= Thyroidologist =

A thyroidologist is a medical practitioner specializing in the thyroid and related areas.

In the United States it refers to a board certified endocrinologist physician, who is either a full time academic with multiple responsibilities beside thyroid patient care, or a clinical thyroidologist. A clinical thyroidologist is a board certified endocrinologist, who cares for a majority of thyroid patients, with few patients experiencing other endocrine conditions. In many European countries, not only endocrinologists, but also nuclear medicine specialists work as clinical thyroidologists focusing on diagnosis and treatment of thyroid disease.

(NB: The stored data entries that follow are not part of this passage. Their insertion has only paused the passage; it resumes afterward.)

lemma clifford_gens_anticommute:
  assumes "clifford_gens e" "j \<in> {1,2,3}" "l \<in> {1,2,3}"
  shows "e j *v (e l *v y) + e l *v (e j *v y) = (if j = l then - 2 *s y else 0)"
proof -
  have "e j *v (e l *v y) + e l *v (e j *v y) = (e j ** e l + e l ** e j) *v y"
    by (simp add: matrix_vector_mul_assoc matrix_vector_mult_add_rdistrib)
  also have "\<dots> = (if j = l then - 2 *s y else 0)"
    using assms unfolding clifford_gens_def by (auto simp: mat_mult_vec)
  finally show ?thesis .
qed

lemma linear_omega: "Vector_Spaces.linear (*s) (*s) (omega e)"
  by unfold_locales (simp_all add: omega_def vec.add vec.scale vec_eq_iff algebra_simps)
lemma rng_transvection_minus_idm:
  assumes "finsupp p"
  shows "rng (msub (transvection u p) idm) \<subseteq> {u, \<lambda>_. 0}"
proof
  fix x assume "x \<in> rng (msub (transvection u p) idm)"
  then obtain v where v: "finsupp v" "x = mvmult (msub (transvection u p) idm) v"
    by (auto simp: rng_def)
  then have "x = (\<lambda>i. u i * (\<Sum>l\<in>supp v. p l * v l))"
    by (simp add: fun_eq_iff mvmult_eq_sum_supp msub_transvection_idm sum_distrib_left mult.assoc)
  then show "x \<in> {u, \<lambda>_. 0}" by (cases "\<Sum>l\<in>supp v. p l * v l") simp_all
qed

lemma scaled_in_rng_transvection_minus_idm:
  assumes "p q = 1"
  shows "(\<lambda>i. u i * c) \<in> rng (msub (transvection u p) idm)"
  using rng_memI[OF finsupp_scale_unit_vec, of "msub (transvection u p) idm" c q] assms
  by (simp add: mvmult_scale_unit_vec msub_transvection_idm mult.commute)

The American Association of Clinical Endocrinologists (AACE) developed the Endocrine Certification in Neck Ultrasound (ECNU) program. ECNU is a professional certification in the field of neck ultrasonography for Endocrinologists, Thyroidologists, and Thyroidology practices. Those certified in the field perform consultations and diagnostic evaluations for thyroid and parathyroid disorders through both diagnostic ultrasound and ultrasound-guided fine needle aspiration (UGFNA). These clinical thyroidologists also take on the role of interventional thyroid radiologists, and specialize in non-surgical procedures such as ablation therapy for thyroid and parathyroid cysts and recurrent neck thyroid cancer lymph nodes.

Physicians and medical practitioners who hold the ECNU professional certification are highly specialized thyroidologists in the field of neck ultrasonography. They perform consultations and diagnostic evaluations for thyroid and parathyroid disorders through both diagnostic ultrasound and ultrasound-guided fine needle aspiration (UGFNA).